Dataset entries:
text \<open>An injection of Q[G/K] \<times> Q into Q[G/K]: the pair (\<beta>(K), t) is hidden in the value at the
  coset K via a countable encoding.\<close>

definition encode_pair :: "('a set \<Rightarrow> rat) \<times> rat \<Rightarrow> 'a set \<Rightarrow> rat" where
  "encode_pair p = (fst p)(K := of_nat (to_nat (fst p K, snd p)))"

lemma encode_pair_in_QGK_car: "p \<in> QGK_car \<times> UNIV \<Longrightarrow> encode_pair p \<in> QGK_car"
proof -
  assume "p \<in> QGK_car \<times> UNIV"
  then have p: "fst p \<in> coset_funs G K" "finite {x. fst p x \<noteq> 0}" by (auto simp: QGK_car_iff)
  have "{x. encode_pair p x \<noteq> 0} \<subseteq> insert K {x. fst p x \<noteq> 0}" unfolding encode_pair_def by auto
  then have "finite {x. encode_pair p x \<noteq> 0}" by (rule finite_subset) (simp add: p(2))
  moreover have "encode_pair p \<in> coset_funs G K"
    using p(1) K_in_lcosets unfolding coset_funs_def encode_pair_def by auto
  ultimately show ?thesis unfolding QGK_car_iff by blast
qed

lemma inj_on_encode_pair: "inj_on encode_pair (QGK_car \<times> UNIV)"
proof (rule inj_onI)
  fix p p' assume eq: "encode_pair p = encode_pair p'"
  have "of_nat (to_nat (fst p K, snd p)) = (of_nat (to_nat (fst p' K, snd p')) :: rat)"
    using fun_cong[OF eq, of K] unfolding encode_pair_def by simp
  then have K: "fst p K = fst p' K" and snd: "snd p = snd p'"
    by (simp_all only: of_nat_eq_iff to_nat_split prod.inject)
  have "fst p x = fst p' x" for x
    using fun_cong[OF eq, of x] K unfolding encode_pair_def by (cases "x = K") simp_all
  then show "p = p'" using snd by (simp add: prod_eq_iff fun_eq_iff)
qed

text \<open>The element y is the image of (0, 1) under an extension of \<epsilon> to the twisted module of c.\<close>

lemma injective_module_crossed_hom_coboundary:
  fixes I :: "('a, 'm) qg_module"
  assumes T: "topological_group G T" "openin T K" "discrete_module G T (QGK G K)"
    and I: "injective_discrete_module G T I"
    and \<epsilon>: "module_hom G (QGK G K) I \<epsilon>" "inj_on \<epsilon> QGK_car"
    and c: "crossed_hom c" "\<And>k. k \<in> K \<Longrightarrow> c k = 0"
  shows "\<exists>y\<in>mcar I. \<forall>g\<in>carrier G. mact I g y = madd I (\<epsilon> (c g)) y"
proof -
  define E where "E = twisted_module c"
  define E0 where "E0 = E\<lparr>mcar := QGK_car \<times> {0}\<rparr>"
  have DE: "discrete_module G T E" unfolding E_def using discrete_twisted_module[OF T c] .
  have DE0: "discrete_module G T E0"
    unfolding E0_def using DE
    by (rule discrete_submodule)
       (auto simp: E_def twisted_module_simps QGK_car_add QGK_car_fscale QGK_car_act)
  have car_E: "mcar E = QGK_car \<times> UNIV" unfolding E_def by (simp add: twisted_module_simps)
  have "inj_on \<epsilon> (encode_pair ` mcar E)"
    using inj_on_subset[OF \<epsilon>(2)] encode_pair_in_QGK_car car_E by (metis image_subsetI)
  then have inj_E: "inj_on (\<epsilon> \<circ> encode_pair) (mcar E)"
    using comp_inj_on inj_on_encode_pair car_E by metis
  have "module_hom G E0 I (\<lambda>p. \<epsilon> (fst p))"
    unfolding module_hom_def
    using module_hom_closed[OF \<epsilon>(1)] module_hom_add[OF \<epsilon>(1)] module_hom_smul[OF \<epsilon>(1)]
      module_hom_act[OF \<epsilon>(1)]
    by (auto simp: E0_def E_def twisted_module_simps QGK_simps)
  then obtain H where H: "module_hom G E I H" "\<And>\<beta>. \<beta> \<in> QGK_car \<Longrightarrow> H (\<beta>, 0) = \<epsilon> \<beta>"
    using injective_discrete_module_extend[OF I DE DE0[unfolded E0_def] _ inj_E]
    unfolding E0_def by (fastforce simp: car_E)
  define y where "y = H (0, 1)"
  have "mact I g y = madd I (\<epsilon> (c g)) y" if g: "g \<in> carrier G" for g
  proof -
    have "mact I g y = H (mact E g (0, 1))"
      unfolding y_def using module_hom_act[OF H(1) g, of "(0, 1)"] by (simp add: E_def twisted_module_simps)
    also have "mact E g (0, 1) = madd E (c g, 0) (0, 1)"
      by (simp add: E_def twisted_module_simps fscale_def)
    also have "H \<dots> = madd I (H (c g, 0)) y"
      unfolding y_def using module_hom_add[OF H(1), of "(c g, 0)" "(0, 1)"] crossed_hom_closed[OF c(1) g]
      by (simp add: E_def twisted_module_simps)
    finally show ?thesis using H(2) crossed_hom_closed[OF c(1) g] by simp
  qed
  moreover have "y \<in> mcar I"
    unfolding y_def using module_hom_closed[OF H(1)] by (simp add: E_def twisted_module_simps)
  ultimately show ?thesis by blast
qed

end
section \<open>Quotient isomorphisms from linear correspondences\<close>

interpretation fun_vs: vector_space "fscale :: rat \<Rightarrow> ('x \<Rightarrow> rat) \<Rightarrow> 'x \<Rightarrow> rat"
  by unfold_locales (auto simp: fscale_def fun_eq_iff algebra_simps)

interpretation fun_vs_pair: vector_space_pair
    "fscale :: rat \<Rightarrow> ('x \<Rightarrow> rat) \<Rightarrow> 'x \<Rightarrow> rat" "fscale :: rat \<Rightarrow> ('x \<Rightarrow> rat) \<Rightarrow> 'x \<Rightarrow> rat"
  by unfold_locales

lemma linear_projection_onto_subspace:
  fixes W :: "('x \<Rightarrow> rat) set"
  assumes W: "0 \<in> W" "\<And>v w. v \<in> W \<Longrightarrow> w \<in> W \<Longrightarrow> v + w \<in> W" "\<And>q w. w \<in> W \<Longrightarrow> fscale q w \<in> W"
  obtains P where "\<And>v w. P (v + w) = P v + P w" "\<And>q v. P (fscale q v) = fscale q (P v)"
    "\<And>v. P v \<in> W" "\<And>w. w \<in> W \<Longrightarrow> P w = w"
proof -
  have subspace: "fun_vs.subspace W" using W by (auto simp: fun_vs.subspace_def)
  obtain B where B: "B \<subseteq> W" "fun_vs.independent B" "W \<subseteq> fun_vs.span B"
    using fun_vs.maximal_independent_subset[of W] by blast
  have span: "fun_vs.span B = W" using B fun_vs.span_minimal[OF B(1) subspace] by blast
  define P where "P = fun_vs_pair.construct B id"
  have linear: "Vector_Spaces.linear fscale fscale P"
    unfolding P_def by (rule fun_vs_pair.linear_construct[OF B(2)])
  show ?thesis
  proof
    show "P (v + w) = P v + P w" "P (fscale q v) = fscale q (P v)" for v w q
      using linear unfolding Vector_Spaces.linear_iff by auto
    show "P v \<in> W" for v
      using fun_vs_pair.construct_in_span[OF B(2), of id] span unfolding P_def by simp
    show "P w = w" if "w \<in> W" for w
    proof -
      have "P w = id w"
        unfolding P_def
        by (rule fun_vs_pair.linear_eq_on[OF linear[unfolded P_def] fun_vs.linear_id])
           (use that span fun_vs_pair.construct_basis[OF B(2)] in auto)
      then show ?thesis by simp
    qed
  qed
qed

* **Exercise brief**
Both end lines included, restate word for word the lines above from the line with "then obtain H" to the line with "(0, 1) = madd", and nothing else.

* **Task result**
  then obtain H where H: "module_hom G E I H" "\<And>\<beta>. \<beta> \<in> QGK_car \<Longrightarrow> H (\<beta>, 0) = \<epsilon> \<beta>"
    using injective_discrete_module_extend[OF I DE DE0[unfolded E0_def] _ inj_E]
    unfolding E0_def by (fastforce simp: car_E)
  define y where "y = H (0, 1)"
  have "mact I g y = madd I (\<epsilon> (c g)) y" if g: "g \<in> carrier G" for g
  proof -
    have "mact I g y = H (mact E g (0, 1))"
      unfolding y_def using module_hom_act[OF H(1) g, of "(0, 1)"] by (simp add: E_def twisted_module_simps)
    also have "mact E g (0, 1) = madd E (c g, 0) (0, 1)"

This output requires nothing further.